Sentir que a comunicação com a família de pacientes internados em uma UTI é
difícil, às vezes até cansativa, também foi um aspecto manifesto pelos
profissionais de saúde diante de informações incompreendidas.
"Eu acho que é a parte mais cansativa da UTI, conversar com o
familiar. Às vezes, até pela dificuldade de até falar uma coisa e aí
saber que a família não vai entender, não entende". (E17)
As falas também demonstram que, especificamente os profissionais de Enfermagem
de nível médio, sentem que a família não valoriza suas informações.
"[...] muitas vezes, a nossa comunicação com a família fica difícil,
por que a própria família não quer conversar com os técnicos, para
ela é mais importante conversar com o médico". (E15)

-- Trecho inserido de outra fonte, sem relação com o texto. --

(* For $u_0\ll -1$ (i.e. $|u_0|$ large enough) there exist constants $0<c\leq C$, independent of $s\in(0,1]$ and of the smooth function $\phi$ on $\Omega_{u_0}$, such that $$c\,I_s(\phi)\leq \mathcal E_{\mathcal H_s}(\phi)\leq C\, I_s(\phi),\qquad I_s(\phi):=\int_{\mathcal H_s}\Big[u^2|\partial_u\phi|^2+\frac{R}{|u|}|\partial_R\phi|^2+|\nabla_{S^2}\phi|^2\Big]\,\mathrm{d}u\,\mathrm{d}\omega ,$$ where $\mathcal H_s$ is parametrised by $(u,\omega)$.
   Context: Vaidya spacetime: in coordinates $(u,r,\theta,\phi)$, $g=F\,\mathrm{d}u^2+2\,\mathrm{d}u\,\mathrm{d}r-r^2\mathrm{d}\omega^2$, $F=1-2m(u)/r$, with $m$ smooth, non-increasing, positive and bounded. Let $R=1/r$, so that $F=1-2m(u)R$; the rescaled metric is $\hat g=R^2g=R^2F\,\mathrm{d}u^2-2\,\mathrm{d}u\,\mathrm{d}R-\mathrm{d}\omega^2$. The function $\psi>0$ solves $\partial_u\psi-\frac F2\partial_r\psi+\frac{2m'(u)}{Fr}\psi=0$ with $\psi=1$ on past null infinity $\mathscr I^-$ (integrating along integral curves of $\partial_u-\frac F2\partial_r$); $v$ is a fixed function with $\mathrm{d}v=\psi\,\mathrm{d}u+2\psi F^{-1}\mathrm{d}r$; $\tilde r=(v-u)/2$, $t=(u+v)/2$. For $u_0<0$: $\Omega_{u_0}=\{t\ge0\}\cap\{u<u_0\}$ and, for $0<s\le1$, $\mathcal H_s=\{u=-s\tilde r\}\cap\{u<u_0\}$. Writing $\phi_u=\partial_u\phi,\ \phi_R=\partial_R\phi$ (in coordinates $(u,R,\omega)$) and $\nabla_{S^2}$ the gradient on the unit sphere, the energy is $$\mathcal E_{\mathcal H_s}(\phi)=\int_{\mathcal H_s}\Big\{u^2\phi_u^2+u^2R^2F\phi_u\phi_R+|\nabla_{S^2}\phi|^2\Big[u^2\frac{FR^2}{4s\psi}(2+s(\psi-1))+(1+uR)\Big]+R^2F\Big[\frac{2+s(\psi-1)}{4s\psi}\big((2+uR)^2-2m(u)u^2R^3\big)-(1+uR)\Big]\phi_R^2\Big\}\,\mathrm{d}u\,\mathrm{d}\omega .$$ (This is the flux through $\mathcal H_s$ of the current built from the Morawetz field $T=u^2\partial_u-2(1+uR)\partial_R$ and $T_{ab}=\nabla_a\phi\nabla_b\phi-\frac12\hat g_{ab}\nabla_c\phi\nabla^c\phi$.) *)

theory Defs
  imports "HOL-Analysis.Analysis"
begin

fun Ck_on :: "nat \<Rightarrow> 'a::euclidean_space set \<Rightarrow> ('a \<Rightarrow> real) \<Rightarrow> bool" where
  "Ck_on 0 S f = continuous_on S f"
| "Ck_on (Suc k) S f = ((\<forall>x\<in>S. f differentiable (at x)) \<and>
      (\<forall>i\<in>Basis. Ck_on k S (\<lambda>x. frechet_derivative f (at x) i)))"

definition smooth_on :: "'a::euclidean_space set \<Rightarrow> ('a \<Rightarrow> real) \<Rightarrow> bool" where
  "smooth_on S f \<longleftrightarrow> open S \<and> (\<forall>k. Ck_on k S f)"

definition Fr :: "(real \<Rightarrow> real) \<Rightarrow> real \<Rightarrow> real \<Rightarrow> real" where
  "Fr m u r = 1 - 2 * m u / r"

definition exterior :: "(real \<Rightarrow> real) \<Rightarrow> (real \<times> real) set" where
  "exterior m = {(u, r). r > 2 * m u}"

text \<open>Omega_{u0} = {t >= 0} inter {u < u0}, in coordinates (u,R), R = 1/r, t = (u+v)/2.\<close>
definition Omega :: "(real \<Rightarrow> real) \<Rightarrow> (real \<Rightarrow> real \<Rightarrow> real) \<Rightarrow> real \<Rightarrow> (real \<times> real) set" where
  "Omega m v u0 = {(u, R). R > 0 \<and> 1 / R > 2 * m u \<and> u < u0 \<and> (u + v u (1 / R)) / 2 \<ge> 0}"

text \<open>H_s = {u = - s * rtilde} inter {u < u0}, rtilde = (v - u)/2, in coordinates (u,R).\<close>
definition Hs :: "(real \<Rightarrow> real) \<Rightarrow> (real \<Rightarrow> real \<Rightarrow> real) \<Rightarrow> real \<Rightarrow> real \<Rightarrow> (real \<times> real) set" where
  "Hs m v u0 s = {(u, R). R > 0 \<and> 1 / R > 2 * m u \<and> u < u0 \<and> u = - s * ((v u (1 / R) - u) / 2)}"

definition Hs_R :: "(real \<Rightarrow> real) \<Rightarrow> (real \<Rightarrow> real \<Rightarrow> real) \<Rightarrow> real \<Rightarrow> real \<Rightarrow> real \<Rightarrow> real" where
  "Hs_R m v u0 s u = (THE R. (u, R) \<in> Hs m v u0 s)"

definition sph :: "real \<Rightarrow> real \<Rightarrow> real^3" where
  "sph th vp = vector [sin th * cos vp, sin th * sin vp, cos th]"

text \<open>Parameter domain of H_s: (u, theta, varphi); the measure du d omega becomes
  sin theta du dtheta dvarphi (Lebesgue measure on R^3 times the density sin theta).\<close>
definition Hs_param :: "(real \<Rightarrow> real) \<Rightarrow> (real \<Rightarrow> real \<Rightarrow> real) \<Rightarrow> real \<Rightarrow> real \<Rightarrow> (real \<times> real \<times> real) set" where
  "Hs_param m v u0 s = {(u, th, vp). (\<exists>R. (u, R) \<in> Hs m v u0 s) \<and> 0 < th \<and> th < pi \<and> 0 < vp \<and> vp < 2 * pi}"

definition phi_u :: "(real \<times> real \<times> (real^3) \<Rightarrow> real) \<Rightarrow> real \<Rightarrow> real \<Rightarrow> (real^3) \<Rightarrow> real" where
  "phi_u \<phi> u R x = frechet_derivative \<phi> (at (u, R, x)) (1, 0, 0)"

Exclusivamente nas falas dos profissionais de nível médio revelou-se um certo
grau maior de dificuldade para fornecer informações aos familiares, comentando
até que a família interrogaria menos sobre o estado geral dos paciente se
houvesse maior abertura para todos os profissionais da Enfermagem conversar com
ela.
"Sabe, às vezes, você fica naquela angústia, peito doendo, você não
pode chegar e conversar. A gente fala 'ah! o enfermeiro vai falar com
o senhor', e você doida para falar 'fez isso, abriu o olho, ele mexeu
a perna', mas a gente não tem esse acesso. Eu acho que se a
Enfermagem fosse mais aberta para conversar com a família, seria
diferente, não interrogariam tanto, sairiam daqui com uma expectativa
maior, mas, infelizmente, não é assim". (E14)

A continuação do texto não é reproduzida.